### TASK TO CARRY OUT
Where the records hold the string "assumes", show the whole line it sits on.

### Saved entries
────────────────

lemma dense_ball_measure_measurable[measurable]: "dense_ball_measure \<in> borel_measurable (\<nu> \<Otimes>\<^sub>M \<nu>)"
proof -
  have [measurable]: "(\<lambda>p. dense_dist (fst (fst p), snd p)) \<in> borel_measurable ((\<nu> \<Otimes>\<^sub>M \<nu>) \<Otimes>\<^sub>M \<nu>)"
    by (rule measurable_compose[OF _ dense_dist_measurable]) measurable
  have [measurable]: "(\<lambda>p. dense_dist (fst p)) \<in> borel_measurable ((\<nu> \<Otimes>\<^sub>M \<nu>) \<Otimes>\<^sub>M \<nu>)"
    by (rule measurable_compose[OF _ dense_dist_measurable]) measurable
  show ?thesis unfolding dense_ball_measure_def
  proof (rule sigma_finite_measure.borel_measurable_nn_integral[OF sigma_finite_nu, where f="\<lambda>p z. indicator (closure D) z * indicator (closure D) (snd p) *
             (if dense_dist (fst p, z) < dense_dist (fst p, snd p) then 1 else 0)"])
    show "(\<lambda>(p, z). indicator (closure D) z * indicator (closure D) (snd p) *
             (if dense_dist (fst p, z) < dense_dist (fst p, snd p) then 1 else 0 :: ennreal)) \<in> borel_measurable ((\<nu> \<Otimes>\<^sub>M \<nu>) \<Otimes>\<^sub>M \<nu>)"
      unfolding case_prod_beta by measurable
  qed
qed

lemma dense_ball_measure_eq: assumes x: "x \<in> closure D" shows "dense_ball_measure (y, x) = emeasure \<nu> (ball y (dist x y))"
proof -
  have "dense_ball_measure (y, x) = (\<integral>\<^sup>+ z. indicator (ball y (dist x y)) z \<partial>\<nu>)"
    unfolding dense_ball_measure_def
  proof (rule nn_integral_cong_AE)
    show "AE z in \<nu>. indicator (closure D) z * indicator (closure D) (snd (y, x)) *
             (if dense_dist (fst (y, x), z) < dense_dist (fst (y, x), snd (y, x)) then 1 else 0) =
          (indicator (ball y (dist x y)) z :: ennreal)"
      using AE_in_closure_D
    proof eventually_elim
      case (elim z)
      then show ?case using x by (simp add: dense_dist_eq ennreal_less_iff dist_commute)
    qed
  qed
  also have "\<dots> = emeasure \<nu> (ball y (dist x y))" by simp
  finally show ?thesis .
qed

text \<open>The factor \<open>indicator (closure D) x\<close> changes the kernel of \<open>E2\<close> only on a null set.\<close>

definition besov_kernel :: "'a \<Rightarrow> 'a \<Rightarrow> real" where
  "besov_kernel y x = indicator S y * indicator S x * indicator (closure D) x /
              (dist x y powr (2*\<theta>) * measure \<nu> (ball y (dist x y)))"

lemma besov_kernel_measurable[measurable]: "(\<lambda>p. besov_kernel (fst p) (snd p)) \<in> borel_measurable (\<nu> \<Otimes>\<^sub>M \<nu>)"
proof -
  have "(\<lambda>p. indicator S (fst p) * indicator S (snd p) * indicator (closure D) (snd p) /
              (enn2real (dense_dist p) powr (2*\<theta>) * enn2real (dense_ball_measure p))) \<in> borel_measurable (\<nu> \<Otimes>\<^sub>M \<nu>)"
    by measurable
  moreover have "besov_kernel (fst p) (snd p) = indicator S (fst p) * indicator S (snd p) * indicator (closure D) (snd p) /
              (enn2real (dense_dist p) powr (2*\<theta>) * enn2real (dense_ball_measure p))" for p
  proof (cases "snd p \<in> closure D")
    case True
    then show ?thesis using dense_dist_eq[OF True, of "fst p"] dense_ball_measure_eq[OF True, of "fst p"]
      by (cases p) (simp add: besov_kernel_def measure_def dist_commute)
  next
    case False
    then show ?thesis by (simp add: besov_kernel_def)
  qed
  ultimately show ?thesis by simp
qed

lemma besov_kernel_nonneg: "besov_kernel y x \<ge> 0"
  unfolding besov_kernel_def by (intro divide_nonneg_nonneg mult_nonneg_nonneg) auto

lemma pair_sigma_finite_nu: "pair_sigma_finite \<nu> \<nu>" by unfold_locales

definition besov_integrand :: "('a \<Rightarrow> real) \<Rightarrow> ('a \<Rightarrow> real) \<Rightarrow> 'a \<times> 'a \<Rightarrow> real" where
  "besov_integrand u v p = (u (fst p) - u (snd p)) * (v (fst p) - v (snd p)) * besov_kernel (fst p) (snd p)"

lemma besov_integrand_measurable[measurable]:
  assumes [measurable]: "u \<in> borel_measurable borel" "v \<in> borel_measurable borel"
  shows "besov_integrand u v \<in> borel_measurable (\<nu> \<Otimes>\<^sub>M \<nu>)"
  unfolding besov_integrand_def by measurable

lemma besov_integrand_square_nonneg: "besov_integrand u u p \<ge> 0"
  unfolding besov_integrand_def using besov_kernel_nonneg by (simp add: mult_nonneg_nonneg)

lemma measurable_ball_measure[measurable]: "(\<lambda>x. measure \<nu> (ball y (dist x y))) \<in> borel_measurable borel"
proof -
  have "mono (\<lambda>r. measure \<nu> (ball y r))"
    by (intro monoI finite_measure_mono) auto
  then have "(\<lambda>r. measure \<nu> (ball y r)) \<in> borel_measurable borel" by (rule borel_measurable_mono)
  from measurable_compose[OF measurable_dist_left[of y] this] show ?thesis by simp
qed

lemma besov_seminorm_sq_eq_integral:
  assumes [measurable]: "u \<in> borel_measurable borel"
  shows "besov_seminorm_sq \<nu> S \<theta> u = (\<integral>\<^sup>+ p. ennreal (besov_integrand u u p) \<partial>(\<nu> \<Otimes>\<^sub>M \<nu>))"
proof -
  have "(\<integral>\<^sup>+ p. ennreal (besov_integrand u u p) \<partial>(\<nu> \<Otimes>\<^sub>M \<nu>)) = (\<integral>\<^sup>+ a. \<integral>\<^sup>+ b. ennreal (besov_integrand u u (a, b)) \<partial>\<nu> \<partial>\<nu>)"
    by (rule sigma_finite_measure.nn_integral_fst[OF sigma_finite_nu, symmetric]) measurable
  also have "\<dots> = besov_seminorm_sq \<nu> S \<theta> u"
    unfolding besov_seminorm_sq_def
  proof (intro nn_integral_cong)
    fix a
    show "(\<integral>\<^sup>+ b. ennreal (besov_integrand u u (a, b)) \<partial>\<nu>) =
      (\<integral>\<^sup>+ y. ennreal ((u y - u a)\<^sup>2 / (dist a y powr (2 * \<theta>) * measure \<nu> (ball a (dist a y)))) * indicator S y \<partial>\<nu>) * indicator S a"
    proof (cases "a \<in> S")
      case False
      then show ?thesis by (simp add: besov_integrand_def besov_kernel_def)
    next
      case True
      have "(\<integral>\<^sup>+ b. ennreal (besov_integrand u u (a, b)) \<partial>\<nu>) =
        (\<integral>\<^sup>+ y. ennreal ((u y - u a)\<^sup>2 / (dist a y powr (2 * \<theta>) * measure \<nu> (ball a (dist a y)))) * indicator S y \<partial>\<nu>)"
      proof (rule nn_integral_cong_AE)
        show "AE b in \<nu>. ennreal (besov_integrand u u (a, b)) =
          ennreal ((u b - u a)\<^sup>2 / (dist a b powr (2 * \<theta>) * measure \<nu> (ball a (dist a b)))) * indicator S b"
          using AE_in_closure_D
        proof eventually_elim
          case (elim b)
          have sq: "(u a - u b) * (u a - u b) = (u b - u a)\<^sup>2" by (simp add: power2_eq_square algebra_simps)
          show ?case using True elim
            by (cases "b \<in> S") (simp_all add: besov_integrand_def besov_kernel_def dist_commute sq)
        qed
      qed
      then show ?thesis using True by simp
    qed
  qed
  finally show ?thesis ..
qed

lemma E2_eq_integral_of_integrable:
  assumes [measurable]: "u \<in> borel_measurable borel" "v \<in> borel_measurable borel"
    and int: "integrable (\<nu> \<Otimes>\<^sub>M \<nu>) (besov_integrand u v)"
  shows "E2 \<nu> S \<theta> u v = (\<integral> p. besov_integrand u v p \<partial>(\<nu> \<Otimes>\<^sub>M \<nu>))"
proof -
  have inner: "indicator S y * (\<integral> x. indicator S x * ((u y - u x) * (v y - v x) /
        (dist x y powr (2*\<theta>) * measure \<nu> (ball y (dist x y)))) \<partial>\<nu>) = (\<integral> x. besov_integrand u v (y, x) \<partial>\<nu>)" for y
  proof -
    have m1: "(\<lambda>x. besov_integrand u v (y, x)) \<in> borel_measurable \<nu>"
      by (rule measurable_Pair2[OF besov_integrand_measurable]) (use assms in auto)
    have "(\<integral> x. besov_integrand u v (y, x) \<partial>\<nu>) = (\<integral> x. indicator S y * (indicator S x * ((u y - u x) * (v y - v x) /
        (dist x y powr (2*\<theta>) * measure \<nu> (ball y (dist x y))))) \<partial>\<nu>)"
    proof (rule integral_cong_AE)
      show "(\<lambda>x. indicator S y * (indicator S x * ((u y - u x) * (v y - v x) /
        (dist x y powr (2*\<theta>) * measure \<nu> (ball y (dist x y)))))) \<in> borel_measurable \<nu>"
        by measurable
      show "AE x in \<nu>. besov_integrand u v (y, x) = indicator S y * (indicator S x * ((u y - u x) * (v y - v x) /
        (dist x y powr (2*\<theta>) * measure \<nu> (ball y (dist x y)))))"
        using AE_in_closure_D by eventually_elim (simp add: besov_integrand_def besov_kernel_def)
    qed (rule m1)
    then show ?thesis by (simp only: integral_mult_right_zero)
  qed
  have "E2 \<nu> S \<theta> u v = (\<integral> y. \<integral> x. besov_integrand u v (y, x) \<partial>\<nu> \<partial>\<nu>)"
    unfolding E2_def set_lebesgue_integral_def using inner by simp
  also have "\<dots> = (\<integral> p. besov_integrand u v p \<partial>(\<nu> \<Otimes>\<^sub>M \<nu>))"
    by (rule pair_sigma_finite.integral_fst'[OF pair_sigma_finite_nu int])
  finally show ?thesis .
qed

────────────────

### ANSWER SECTION
lemma dense_ball_measure_eq: assumes x: "x \<in> closure D" shows "dense_ball_measure (y, x) = emeasure \<nu> (ball y (dist x y))"
  assumes [measurable]: "u \<in> borel_measurable borel" "v \<in> borel_measurable borel"
  assumes [measurable]: "u \<in> borel_measurable borel"
  assumes [measurable]: "u \<in> borel_measurable borel" "v \<in> borel_measurable borel"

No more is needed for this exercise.